— Directions for this task —
Once you reach the line that contains "(\<forall>U. ent U \<longrightarrow> (\<exists>W.", retype it and every line after it exactly, ending with the last line of the entries.

Stored data entries:
* * * * *

definition wot_entourage :: "(('a::chilbert \<Rightarrow> 'a) \<times> ('a \<Rightarrow> 'a)) set \<Rightarrow> bool" where
  "wot_entourage U \<longleftrightarrow> U \<subseteq> B1 \<times> B1 \<and>
     (\<exists>P \<epsilon>. finite P \<and> P \<subseteq> H1 \<times> H1 \<and> \<epsilon> > 0 \<and> wot_basic P \<epsilon> \<subseteq> U)"

definition UEC :: "(('b \<times> 'b) set \<Rightarrow> bool) \<Rightarrow> ('b \<Rightarrow> 'b) set \<Rightarrow> bool" where
  "UEC ent F \<longleftrightarrow> (\<forall>U. ent U \<longrightarrow>
     (\<exists>W. ent W \<and> (\<forall>f\<in>F. \<forall>x y. (x, y) \<in> W \<longrightarrow> (f x, f y) \<in> U)))"

definition psi :: "('a \<Rightarrow> 'a) \<Rightarrow> ('a \<Rightarrow> 'a) \<Rightarrow> ('a \<Rightarrow> 'a)" where
  "psi T A = T \<circ> A"

end

theory Submission
  imports Defs
begin

text \<open>
  Proof idea.  Both uniformities have a base of "basic" entourages, so uniform
  equicontinuity can be checked on basic entourages alone (lemma UEC_basis).

  (\<Rightarrow>) If the operators in \<T> are weakly UEC, left multiplication by them is UEC for
  the weak operator uniformity: weak-operator closeness of A, B at finitely many
  vectors w means weak closeness of A w, B w, which \<T> preserves (evaluation lemma
  wot_basic_eval).

  (\<Leftarrow>) Conversely fix a unit vector e and embed H_1 into B_1 by the rank-one
  operators R x = <_, e> x.  Weakly close x, y give weak-operator close R x, R y;
  the operators T (R x), T (R y) are then weak-operator close, and evaluating at e
  recovers the weak closeness of T x, T y.
\<close>

lemma scaleC_diff_right: "scaleC a (x - y) = scaleC a x - scaleC a (y::'a::chilbert)"
  using scaleC_add_right[of a "x - y" y] by (simp add: algebra_simps)

lemma cinner_diff_left: "cinner (x - y) z = cinner x z - cinner (y::'a::chilbert) z"
  using cinner_add_left[of "x - y" y z] by (simp add: algebra_simps)

lemma cinner_add_right: "cinner x (y + z) = cinner x y + cinner (x::'a::chilbert) z"
  by (metis cinner_add_left cinner_commute complex_cnj_add)

lemma cinner_scaleC_right: "cinner x (scaleC c y) = cnj c * cinner (x::'a::chilbert) y"
  by (metis cinner_commute cinner_scaleC_left complex_cnj_mult)

lemma scaleC_one: "scaleC 1 (x::'a::chilbert) = x"
  by (metis scaleC_of_real of_real_1 scaleR_one)

text \<open>Cauchy--Schwarz against a unit vector, via the orthogonal decomposition
  v = r + <v, e> e with r orthogonal to e.\<close>
lemma cinner_unit_bound:
  fixes v e :: "'a::chilbert"
  assumes "norm e = 1"
  shows "cmod (cinner v e) \<le> norm v"
proof -
  define c where "c = cinner v e"
  define r where "r = v - scaleC c e"
  have ee: "cinner e e = 1" using assms cinner_self[of e] by simp
  have re: "cinner r e = 0" unfolding r_def cinner_diff_left cinner_scaleC_left ee c_def by simp
  have er: "cinner e r = 0" using re cinner_commute[of e r] by simp
  have v: "v = r + scaleC c e" unfolding r_def by simp
  have "cinner v v = cinner r r + c * cnj c"
    unfolding v cinner_add_left cinner_add_right cinner_scaleC_left cinner_scaleC_right re er ee
    by simp
  also have "\<dots> = complex_of_real ((norm r)\<^sup>2 + (cmod c)\<^sup>2)"
    by (simp add: cinner_self complex_norm_square[symmetric] del: of_real_power)
  finally have "complex_of_real ((norm v)\<^sup>2) = complex_of_real ((norm r)\<^sup>2 + (cmod c)\<^sup>2)"
    by (simp add: cinner_self)
  then have "(norm v)\<^sup>2 = (norm r)\<^sup>2 + (cmod c)\<^sup>2" using of_real_eq_iff by blast
  then have "(cmod c)\<^sup>2 \<le> (norm v)\<^sup>2" by simp
  then show ?thesis unfolding c_def by (rule power2_le_imp_le) simp
qed

lemma norm_scaleC: "norm (scaleC c (x::'a::chilbert)) = cmod c * norm x"
proof -
  have "cinner (scaleC c x) (scaleC c x) = c * cnj c * cinner x x"
    by (simp add: cinner_scaleC_left cinner_scaleC_right mult.assoc)
  then have "complex_of_real ((norm (scaleC c x))\<^sup>2)
      = complex_of_real ((cmod c)\<^sup>2) * complex_of_real ((norm x)\<^sup>2)"
    by (simp only: cinner_self complex_norm_square)
  also have "\<dots> = complex_of_real ((cmod c * norm x)\<^sup>2)"
    by (simp add: power_mult_distrib)
  finally have "(norm (scaleC c x))\<^sup>2 = (cmod c * norm x)\<^sup>2" using of_real_eq_iff by blast
  then show ?thesis by (rule power2_eq_imp_eq) simp_all
qed

lemma infinite_dimensional_unit_vector:
  assumes "infinite_dimensional TYPE('a)"
  obtains e :: "'a::chilbert" where "norm e = 1"
proof -
  have "\<exists>x0::'a. x0 \<noteq> 0"
  proof (rule ccontr)
    assume "\<nexists>x0::'a. x0 \<noteq> 0"
    then have "\<forall>x::'a. \<exists>c. x = (\<Sum>s\<in>{}. scaleC (c s) s)" by simp
    then show False using assms unfolding infinite_dimensional_def by blast
  qed
  then obtain x0 :: 'a where "x0 \<noteq> 0" by blast
  then have "norm (scaleR (1 / norm x0) x0) = 1" by simp
  then show ?thesis by (rule that)
qed

lemma B1_comp: "T \<in> B1 \<Longrightarrow> A \<in> B1 \<Longrightarrow> T \<circ> A \<in> B1"
  unfolding B1_def by (auto intro: order_trans)

lemma B1_H1: "A \<in> B1 \<Longrightarrow> w \<in> H1 \<Longrightarrow> A w \<in> H1"
  unfolding B1_def H1_def by (auto intro: order_trans)

definition rank_one :: "'a::chilbert \<Rightarrow> 'a \<Rightarrow> 'a \<Rightarrow> 'a" where
  "rank_one e x = (\<lambda>v. scaleC (cinner v e) x)"

lemma rank_one_B1:
  assumes "x \<in> H1" "norm e = 1"
  shows "rank_one e x \<in> B1"
proof -
  have "norm (scaleC (cinner v e) x) \<le> norm v" for v
  proof -
    have "norm (scaleC (cinner v e) x) = cmod (cinner v e) * norm x" by (rule norm_scaleC)
    also have "\<dots> \<le> norm v * 1"
      using cinner_unit_bound[OF assms(2), of v] assms(1) unfolding H1_def
      by (intro mult_mono) auto
    finally show ?thesis by simp
  qed
  then show ?thesis unfolding B1_def rank_one_def
    by (auto simp: cinner_add_left scaleC_add_left cinner_scaleC_left scaleC_scaleC)
qed

lemma rank_one_at_unit: "norm e = 1 \<Longrightarrow> rank_one e x e = x"
  unfolding rank_one_def using cinner_self[of e] by (simp add: scaleC_one)

definition maps_close :: "('b \<Rightarrow> 'b) set \<Rightarrow> ('b \<times> 'b) set \<Rightarrow> ('b \<times> 'b) set \<Rightarrow> bool" where
  "maps_close F W U \<longleftrightarrow> (\<forall>f\<in>F. \<forall>x y. (x, y) \<in> W \<longrightarrow> (f x, f y) \<in> U)"

lemma maps_close_mono: "maps_close F W U \<Longrightarrow> V \<subseteq> W \<Longrightarrow> U \<subseteq> U' \<Longrightarrow> maps_close F V U'"
  unfolding maps_close_def by blast

lemma UEC_basis:
  assumes ent: "\<And>U. ent U \<longleftrightarrow> U \<subseteq> S \<times> S \<and> (\<exists>i\<in>I. basic i \<subseteq> U)"
    and basic_sub: "\<And>i. i \<in> I \<Longrightarrow> basic i \<subseteq> S \<times> S"
  shows "UEC ent F \<longleftrightarrow> (\<forall>i\<in>I. \<exists>j\<in>I. maps_close F (basic j) (basic i))"
proof -
  have basic_ent: "ent (basic i)" if "i \<in> I" for i
    using ent[of "basic i"] basic_sub[OF that] that by blast
  have "UEC ent F \<longleftrightarrow> (\<forall>U. ent U \<longrightarrow> (\<exists>W. ent W \<and> maps_close F W U))"
    unfolding UEC_def maps_close_def ..
  also have "\<dots> \<longleftrightarrow> (\<forall>i\<in>I. \<exists>j\<in>I. maps_close F (basic j) (basic i))"
  proof
    assume uec: "\<forall>U. ent U \<longrightarrow> (\<exists>W. ent W \<and> maps_close F W U)"
    show "\<forall>i\<in>I. \<exists>j\<in>I. maps_close F (basic j) (basic i)"
    proof
      fix i assume "i \<in> I"
      then obtain W where W: "ent W" "maps_close F W (basic i)" using uec basic_ent by blast
      then obtain j where "j \<in> I" "basic j \<subseteq> W" using ent[of W] by blast
      then show "\<exists>j\<in>I. maps_close F (basic j) (basic i)"
        using maps_close_mono[OF W(2)] by blast
    qed
  next
    assume base: "\<forall>i\<in>I. \<exists>j\<in>I. maps_close F (basic j) (basic i)"
    show "\<forall>U. ent U \<longrightarrow> (\<exists>W. ent W \<and> maps_close F W U)"
    proof (intro allI impI)
      fix U assume "ent U"
      then obtain i where "i \<in> I" "basic i \<subseteq> U" using ent[of U] by blast
      with base obtain j where "j \<in> I" "maps_close F (basic j) (basic i)" by blast
      then show "\<exists>W. ent W \<and> maps_close F W U"
        using basic_ent maps_close_mono[OF _ order_refl \<open>basic i \<subseteq> U\<close>] by blast
    qed
  qed
  finally show ?thesis .
qed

* * * * *

— Response to this exercise —
  have "UEC ent F \<longleftrightarrow> (\<forall>U. ent U \<longrightarrow> (\<exists>W. ent W \<and> maps_close F W U))"
    unfolding UEC_def maps_close_def ..
  also have "\<dots> \<longleftrightarrow> (\<forall>i\<in>I. \<exists>j\<in>I. maps_close F (basic j) (basic i))"
  proof
    assume uec: "\<forall>U. ent U \<longrightarrow> (\<exists>W. ent W \<and> maps_close F W U)"
    show "\<forall>i\<in>I. \<exists>j\<in>I. maps_close F (basic j) (basic i)"
    proof
      fix i assume "i \<in> I"
      then obtain W where W: "ent W" "maps_close F W (basic i)" using uec basic_ent by blast
      then obtain j where "j \<in> I" "basic j \<subseteq> W" using ent[of W] by blast
      then show "\<exists>j\<in>I. maps_close F (basic j) (basic i)"
        using maps_close_mono[OF W(2)] by blast
    qed
  next
    assume base: "\<forall>i\<in>I. \<exists>j\<in>I. maps_close F (basic j) (basic i)"
    show "\<forall>U. ent U \<longrightarrow> (\<exists>W. ent W \<and> maps_close F W U)"
    proof (intro allI impI)
      fix U assume "ent U"
      then obtain i where "i \<in> I" "basic i \<subseteq> U" using ent[of U] by blast
      with base obtain j where "j \<in> I" "maps_close F (basic j) (basic i)" by blast
      then show "\<exists>W. ent W \<and> maps_close F W U"
        using basic_ent maps_close_mono[OF _ order_refl \<open>basic i \<subseteq> U\<close>] by blast
    qed
  qed
  finally show ?thesis .
qed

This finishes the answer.